Hi Nicolas, We are actually not trying to upload attachments, we want to be able to include images into the follow-up/submission fields, so they show up. Giving the user a better way to express themselves.

like this:

For your information, there is a REST route to upload attachments: https://tuleap.net/api/explorer/#!/artifact_temporary_files/create

Maybe this information could help.

Hi, I have been looking into the way ckeditor is managing the image inclusion.

There are two ways you can include  an image into the submission field right now:

1. Using the URL of the image wich is hosted on the web.

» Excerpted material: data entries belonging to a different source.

(* Assume the setting of the context and fix $\Delta=(h,\Delta x)$. If $\mathbf{U}=(U_{\cdot,1},U_{\cdot,2}),\mathbf{V}=(V_{\cdot,1},V_{\cdot,2})\in B(\mathcal{A}^{\Delta x})^2$ are respectively a bounded subsolution and a bounded supersolution of the scheme, i.e. $$\mathcal{F}^\Delta_j\big(x_i,(U_{i,j},U_{i,\bar\jmath}),U_{\cdot,j}\big)\le0\quad\text{and}\quad\mathcal{F}^\Delta_j\big(x_i,(V_{i,j},V_{i,\bar\jmath}),V_{\cdot,j}\big)\ge0\qquad\forall i\in\mathbb{N},\ j=1,2,$$ then $U_{i,j}\le V_{i,j}$ for all $i\in\mathbb{N}$ and $j=1,2$.
   Context: Constants: $\rho>0$, $r<\rho$, $0<y_1<y_2$, $\gamma>1$, $\underline{x}\le0$ with $\rho\underline{x}+y_j>0$, $\lambda_1,\lambda_2\ge0$; $\bar\jmath=3-j$; $u(c)=\frac{c^{1-\gamma}}{1-\gamma}$ for $c>0$, $u(0)=-\infty$. Discretization $\Delta=(h,\Delta x)$ with $h,\Delta x>0$, $\rho h<1$, $\lambda_jh<1$. Grid $x_i=\underline{x}+i\Delta x$, $i\in\mathbb{N}=\{0,1,\dots\}$, $\mathcal{A}^{\Delta x}=\{x_i\}$; $B(\mathcal{A}^{\Delta x})$ = bounded real sequences indexed by $\mathbb{N}$. $\beta_k(x)=\max\{0,1-|x-x_k|/\Delta x\}$ for $x\ge\underline{x}$. Admissible controls $\mathcal{C}^\Delta_j(x_i)=\{c\ge0:x_i+h(rx_i+y_j-c)\ge\underline{x}\}$, $s_{i,j}(c)=rx_i+y_j-c$. Scheme: $$\mathcal{F}^\Delta_j(x_i,(\mathsf{q}_j,\mathsf{q}_{\bar\jmath}),\mathsf{U})=\rho\mathsf{q}_j-(1-\rho h)\lambda_j(\mathsf{q}_{\bar\jmath}-\mathsf{q}_j)-\sup_{c\in\mathcal{C}^\Delta_j(x_i)}\Big\{u(c)+\frac{(1-\rho h)(1-\lambda_jh)}{h}\Big(\sum_k\beta_k(x_i+hs_{i,j}(c))\mathsf{U}_k-\mathsf{q}_j\Big)\Big\}.$$ *)

theory Defs
  imports "HOL-Analysis.Analysis" "HOL-Library.Extended_Real"
begin

definition util :: "real \<Rightarrow> real \<Rightarrow> ereal" where
  "util \<gamma> c = (if c > 0 then ereal (c powr (1 - \<gamma>) / (1 - \<gamma>)) else -\<infinity>)"

definition grid :: "real \<Rightarrow> real \<Rightarrow> nat \<Rightarrow> real" where
  "grid xlow dx i = xlow + real i * dx"

definition hatb :: "real \<Rightarrow> real \<Rightarrow> nat \<Rightarrow> real \<Rightarrow> real" where
  "hatb xlow dx k x = max 0 (1 - \<bar>x - grid xlow dx k\<bar> / dx)"

definition interp :: "real \<Rightarrow> real \<Rightarrow> (nat \<Rightarrow> real) \<Rightarrow> real \<Rightarrow> real" where
  "interp xlow dx U x = (\<Sum>k. hatb xlow dx k x * U k)"

definition admissible :: "real \<Rightarrow> real \<Rightarrow> real \<Rightarrow> real \<Rightarrow> real \<Rightarrow> real set" where
  "admissible r xlow h yj x = {c. c \<ge> 0 \<and> x + h * (r * x + yj - c) \<ge> xlow}"

text \<open>The scheme F_j(x_i,(q_j,q_jbar),U), extended-real valued (the supremum may be -infinity).
  Here y and lam are the functions j \<mapsto> y_j and j \<mapsto> lambda_j, j \<in> {1,2}.\<close>
definition scheme ::
  "real \<Rightarrow> real \<Rightarrow> real \<Rightarrow> real \<Rightarrow> (nat \<Rightarrow> real) \<Rightarrow> (nat \<Rightarrow> real) \<Rightarrow> real \<Rightarrow> real
   \<Rightarrow> nat \<Rightarrow> nat \<Rightarrow> real \<Rightarrow> real \<Rightarrow> (nat \<Rightarrow> real) \<Rightarrow> ereal" where
  "scheme \<rho> r \<gamma> xlow y lam h dx j i qj qjb U =
     (let x = grid xlow dx i in
      ereal (\<rho> * qj - (1 - \<rho> * h) * lam j * (qjb - qj))
      - (SUP c \<in> admissible r xlow h (y j) x.
           util \<gamma> c + ereal ((1 - \<rho> * h) * (1 - lam j * h) / h
              * (interp xlow dx U (x + h * (r * x + y j - c)) - qj))))"

end

theory Submission imports Defs begin

text \<open>The scheme is monotone: the interpolation at a point right of \<open>xlow\<close> is a convex
  combination of two grid values, and \<open>\<rho> h < 1\<close>, \<open>\<lambda>\<^sub>j h < 1\<close> make all weights nonnegative.
  Hence, comparing the sub- and supersolution inequalities at a node where \<open>U - V = d\<close> gives
  \<open>\<rho> d \<le> C\<^sub>j (M - d)\<close> with \<open>0 \<le> C\<^sub>j \<le> C\<close>, where \<open>M\<close> is the supremum of \<open>U - V\<close> over all nodes.
  So \<open>d \<le> C M / (\<rho> + C)\<close> at every node, hence \<open>M \<le> C M / (\<rho> + C)\<close>, which forces \<open>M \<le> 0\<close>.\<close>

lemma hatb_grid_coordinate:
  assumes "dx > 0"
  shows "hatb xlow dx k z = max 0 (1 - \<bar>(z - xlow) / dx - real k\<bar>)"
proof -
  have "\<bar>z - grid xlow dx k\<bar> / dx = \<bar>(z - grid xlow dx k) / dx\<bar>"
    using assms by simp
  also have "(z - grid xlow dx k) / dx = (z - xlow) / dx - real k"
    using assms by (simp add: grid_def field_simps)
  finally show ?thesis
    unfolding hatb_def by simp
qed

lemma interp_two_point:
  assumes "dx > 0" "z \<ge> xlow"
  obtains n f where "0 \<le> f" "f \<le> 1"
    "\<And>U. interp xlow dx U z = (1 - f) * U n + f * U (Suc n)"
proof -
  define t where "t = (z - xlow) / dx"
  have "t \<ge> 0"
    using assms by (simp add: t_def)
  define n where "n = nat \<lfloor>t\<rfloor>"
  define f where "f = t - real n"
  have f: "0 \<le> f" "f < 1"
    using \<open>t \<ge> 0\<close> by (auto simp: f_def n_def) linarith+
  have hat: "hatb xlow dx k z = max 0 (1 - \<bar>t - real k\<bar>)" for k
    using hatb_grid_coordinate[OF assms(1)] by (simp add: t_def)
  have outside: "hatb xlow dx k z = 0" if "k \<notin> {n, Suc n}" for k
  proof -
    have "k < n \<or> k > Suc n"
      using that by auto
    then have "\<bar>t - real k\<bar> \<ge> 1"
      using f unfolding f_def by auto
    then show ?thesis
      using hat by simp
  qed
  have "interp xlow dx U z = (1 - f) * U n + f * U (Suc n)" for U
  proof -
    have "interp xlow dx U z = (\<Sum>k\<in>{n, Suc n}. hatb xlow dx k z * U k)"
      unfolding interp_def by (rule suminf_finite) (auto simp: outside)
    then show ?thesis
      using hat f by (simp add: f_def)
  qed
  with f that show ?thesis
    by auto
qed

lemma interp_diff_le:
  assumes "dx > 0" "z \<ge> xlow" "\<And>k. U k - V k \<le> M"
  shows "interp xlow dx U z - interp xlow dx V z \<le> M"
proof -
  obtain f n where f: "0 \<le> f" "f \<le> 1"
    and two_point: "\<And>W. interp xlow dx W z = (1 - f) * W n + f * W (Suc n)"
    using interp_two_point[OF assms(1,2)] by metis
  have "interp xlow dx U z - interp xlow dx V z
        = (1 - f) * (U n - V n) + f * (U (Suc n) - V (Suc n))"
    unfolding two_point by (simp add: algebra_simps)
  also have "\<dots> \<le> (1 - f) * M + f * M"
    using f assms(3) by (intro add_mono mult_left_mono) simp_all
  also have "\<dots> = M"
    by (simp add: algebra_simps)
  finally show ?thesis .
qed

definition control_sup ::
  "real \<Rightarrow> real \<Rightarrow> real \<Rightarrow> real \<Rightarrow> real \<Rightarrow> real \<Rightarrow> real \<Rightarrow> real \<Rightarrow> real \<Rightarrow> (nat \<Rightarrow> real) \<Rightarrow> ereal"
  where "control_sup r \<gamma> xlow dx yj h K x q U =
    (SUP c \<in> admissible r xlow h yj x.
       util \<gamma> c + ereal (K * (interp xlow dx U (x + h * (r * x + yj - c)) - q)))"

lemma scheme_eq_control_sup:
  "scheme \<rho> r \<gamma> xlow y lam h dx j i qj qjb U =
     ereal (\<rho> * qj - (1 - \<rho> * h) * lam j * (qjb - qj))
     - control_sup r \<gamma> xlow dx (y j) h ((1 - \<rho> * h) * (1 - lam j * h) / h) (grid xlow dx i) qj U"
  unfolding scheme_def control_sup_def Let_def ..

lemma control_sup_le:
  assumes "dx > 0" "K \<ge> 0" "\<And>k. U k - V k \<le> M"
  shows "control_sup r \<gamma> xlow dx yj h K x qU U
         \<le> control_sup r \<gamma> xlow dx yj h K x qV V + ereal (K * (M - (qU - qV)))"
proof -
  define z where "z c = x + h * (r * x + yj - c)" for c
  define gU where "gU c = util \<gamma> c + ereal (K * (interp xlow dx U (z c) - qU))" for c
  define gV where "gV c = util \<gamma> c + ereal (K * (interp xlow dx V (z c) - qV))" for c
  define e where "e = K * (M - (qU - qV))"
  have "gU c \<le> gV c + ereal e" if "c \<in> admissible r xlow h yj x" for c
  proof -
    have "z c \<ge> xlow"
      using that unfolding admissible_def z_def by simp
    then have "K * (interp xlow dx U (z c) - interp xlow dx V (z c)) \<le> K * M"
      using assms by (intro mult_left_mono interp_diff_le) auto
    then have "K * (interp xlow dx U (z c) - qU) \<le> K * (interp xlow dx V (z c) - qV) + e"
      by (simp add: e_def algebra_simps)
    then show ?thesis
      unfolding gU_def gV_def by (simp only: add.assoc plus_ereal.simps ereal_less_eq(3) add_left_mono)
  qed
  then have "(SUP c \<in> admissible r xlow h yj x. gU c) \<le> (SUP c \<in> admissible r xlow h yj x. gV c) + ereal e"
    by (intro SUP_least order_trans[OF _ add_right_mono[OF SUP_upper]])
  then show ?thesis
    unfolding control_sup_def gU_def gV_def z_def e_def .
qed

lemma scheme_node_comparison:
  assumes "h > 0" "dx > 0" "\<rho> * h < 1" "lam j \<ge> 0" "lam j * h < 1"
    and sub: "scheme \<rho> r \<gamma> xlow y lam h dx j i qU qUb U \<le> 0"
    and super: "scheme \<rho> r \<gamma> xlow y lam h dx j i qV qVb V \<ge> 0"
    and "\<And>k. U k - V k \<le> M" "qUb - qVb \<le> M"
  shows "\<rho> * (qU - qV)
         \<le> ((1 - \<rho> * h) * lam j + (1 - \<rho> * h) * (1 - lam j * h) / h) * (M - (qU - qV))"
proof -
  define K where "K = (1 - \<rho> * h) * (1 - lam j * h) / h"
  define L where "L = (1 - \<rho> * h) * lam j"
  define SU where "SU = control_sup r \<gamma> xlow dx (y j) h K (grid xlow dx i) qU U"
  define SV where "SV = control_sup r \<gamma> xlow dx (y j) h K (grid xlow dx i) qV V"
  have "K \<ge> 0" "L \<ge> 0"
    using assms(1-5) by (auto simp: K_def L_def)
  have "ereal (\<rho> * qU - L * (qUb - qU)) - SU \<le> 0"
    using sub unfolding scheme_eq_control_sup SU_def K_def L_def .
  then have "ereal (\<rho> * qU - L * (qUb - qU)) \<le> SU"
    by (cases SU) auto
  also have "SU \<le> SV + ereal (K * (M - (qU - qV)))"
    unfolding SU_def SV_def using assms(2) \<open>K \<ge> 0\<close> assms(8) by (rule control_sup_le)
  also have "SV + ereal (K * (M - (qU - qV)))
             \<le> ereal (\<rho> * qV - L * (qVb - qV)) + ereal (K * (M - (qU - qV)))"
  proof -
    have "ereal (\<rho> * qV - L * (qVb - qV)) - SV \<ge> 0"
      using super unfolding scheme_eq_control_sup SV_def K_def L_def .
    then show ?thesis
      by (cases SV) auto
  qed
  finally have "\<rho> * (qU - qV) \<le> L * ((qUb - qVb) - (qU - qV)) + K * (M - (qU - qV))"
    by (simp add: algebra_simps)
  also have "\<dots> \<le> L * (M - (qU - qV)) + K * (M - (qU - qV))"
    using \<open>L \<ge> 0\<close> assms(9) by (intro add_right_mono mult_left_mono) auto
  finally show ?thesis
    by (simp add: K_def L_def algebra_simps)
qed

lemma nonpos_of_discounted_bound:
  fixes D C :: "'a \<Rightarrow> real"
  assumes "bdd_above (D ` A)" "\<rho> > 0"
    and "\<And>a. a \<in> A \<Longrightarrow> 0 \<le> C a \<and> C a \<le> Cmax"
    and "\<And>a M. a \<in> A \<Longrightarrow> (\<And>b. b \<in> A \<Longrightarrow> D b \<le> M) \<Longrightarrow> \<rho> * D a \<le> C a * (M - D a)"
    and "a \<in> A"
  shows "D a \<le> 0"
proof -
  define M where "M = (SUP b\<in>A. D b)"
  have D_le_M: "D b \<le> M" if "b \<in> A" for b
    unfolding M_def using assms(1) that by (rule cSUP_upper2) simp
  have "Cmax \<ge> 0"
    using assms(3)[OF assms(5)] by simp
  have bound: "D b \<le> Cmax * M / (\<rho> + Cmax)" if "b \<in> A" for b
  proof -
    have "C b * (M - D b) \<le> Cmax * (M - D b)"
      using assms(3)[OF that] D_le_M[OF that] by (intro mult_right_mono) auto
    then have "(\<rho> + Cmax) * D b \<le> Cmax * M"
      using assms(4)[OF that D_le_M] by (simp add: algebra_simps)
    then show ?thesis
      using assms(2) \<open>Cmax \<ge> 0\<close> by (simp add: field_simps)
  qed
  have "M \<le> Cmax * M / (\<rho> + Cmax)"
    using assms(5) bound unfolding M_def by (intro cSUP_least) auto
  then have "\<rho> * M \<le> 0"
    using assms(2) \<open>Cmax \<ge> 0\<close> by (simp add: field_simps)
  then have "M \<le> 0"
    using assms(2) by (simp add: mult_le_0_iff)
  then show ?thesis
    using D_le_M[OF assms(5)] by simp
qed

theorem mainTheorem11:
  fixes \<rho> r \<gamma> xlow h dx :: real
    and y lam :: "nat \<Rightarrow> real"
    and U V :: "nat \<Rightarrow> nat \<Rightarrow> real"
  assumes "\<rho> > 0" and "r < \<rho>"
    and "0 < y 1" and "y 1 < y 2"
    and "\<gamma> > 1" and "xlow \<le> 0"
    and "\<And>j. j \<in> {1,2} \<Longrightarrow> \<rho> * xlow + y j > 0"
    and "\<And>j. j \<in> {1,2} \<Longrightarrow> lam j \<ge> 0"
    and "h > 0" and "dx > 0" and "\<rho> * h < 1"
    and "\<And>j. j \<in> {1,2} \<Longrightarrow> lam j * h < 1"
    and "\<exists>M. \<forall>i. \<forall>j\<in>{1,2}. \<bar>U i j\<bar> \<le> M"
    and "\<exists>M. \<forall>i. \<forall>j\<in>{1,2}. \<bar>V i j\<bar> \<le> M"
    and "\<And>i j. j \<in> {1,2} \<Longrightarrow>
           scheme \<rho> r \<gamma> xlow y lam h dx j i (U i j) (U i (3 - j)) (\<lambda>k. U k j) \<le> 0"
    and "\<And>i j. j \<in> {1,2} \<Longrightarrow>
           scheme \<rho> r \<gamma> xlow y lam h dx j i (V i j) (V i (3 - j)) (\<lambda>k. V k j) \<ge> 0"
  shows "\<forall>i. \<forall>j\<in>{1,2}. U i j \<le> V i j"
proof -
  define A where "A = (UNIV :: nat set) \<times> {1, 2 :: nat}"
  define D where "D = (\<lambda>(i, j). U i j - V i j)"
  define C where "C j = (1 - \<rho> * h) * lam j + (1 - \<rho> * h) * (1 - lam j * h) / h" for j
  have C_nonneg: "0 \<le> C j" if "j \<in> {1, 2}" for j
    using assms(8)[OF that] assms(9,11) assms(12)[OF that] by (simp add: C_def)
  obtain MU MV where bounds: "\<forall>i. \<forall>j\<in>{1,2}. \<bar>U i j\<bar> \<le> MU" "\<forall>i. \<forall>j\<in>{1,2}. \<bar>V i j\<bar> \<le> MV"
    using assms(13,14) by blast
  have bdd: "bdd_above (D ` A)"
    unfolding A_def D_def
  proof (intro bdd_aboveI2[of _ _ "MU + MV"], clarify)
    fix i j :: nat
    assume "j \<in> {1, 2}"
    with bounds have "\<bar>U i j\<bar> \<le> MU" "\<bar>V i j\<bar> \<le> MV"
      by blast+
    then show "U i j - V i j \<le> MU + MV"
      by linarith
  qed
  have node: "\<rho> * D a \<le> C (snd a) * (M - D a)"
    if "a \<in> A" and upper: "\<And>b. b \<in> A \<Longrightarrow> D b \<le> M" for a M
  proof -
    obtain i j where a: "a = (i, j)" and j: "j \<in> {1, 2}"
      using \<open>a \<in> A\<close> by (auto simp: A_def)
    have upper_UV: "U k l - V k l \<le> M" if "l \<in> {1, 2}" for k l
      using upper[of "(k, l)"] that by (simp add: A_def D_def)
    have "3 - j \<in> {1, 2}"
      using j by auto
    then have "\<rho> * (U i j - V i j) \<le> C j * (M - (U i j - V i j))"
      unfolding C_def
      by (rule scheme_node_comparison[OF assms(9-11) assms(8,12)[OF j] assms(15,16)[OF j]
            upper_UV[OF j] upper_UV])
    then show ?thesis
      by (simp add: a D_def)
  qed
  have "D a \<le> 0" if "a \<in> A" for a
  proof (rule nonpos_of_discounted_bound[OF bdd assms(1) _ node that])
    show "0 \<le> C (snd b) \<and> C (snd b) \<le> C 1 + C 2" if "b \<in> A" for b
      using that C_nonneg[of 1] C_nonneg[of 2] by (auto simp: A_def)
  qed
  then show ?thesis
    by (auto simp: A_def D_def)
qed

end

This would make the image disappear once it is deleted from that location.
2. Firefox manages the drag and drop feature, including in the html, the image encoded into base64 as a BLOB.

Proposed solutions: 

1. If we are going to use the plugin "UploadImage" that manuel suggested we will have to upload the image into the server's file system and manage the changes applied to this data, once the affiliated comment/artifact/tracker are updated/deleted.
2. We have thought of tweaking ckeditor's plugin "UploadImage" to return the encoded image as part of a json object.

I think that the first solution would be a lot more complicated to implement probably a mess (-_-)". What do you suggest? 

Thanks for the direction, Much Appreciated!

BTW, it seems that ckeditor has plugins to deal with this issue: http://ckeditor.com/addon/uploadimage

Great!

May I suggest that you reply to posts that are talking about this subject on tuleap-devel ML so people are aware that you are working on that ?

Hi,

I ll be looking into the matter, will update with how am going to tackle the problem once i have a better understanding of the way things are working so far.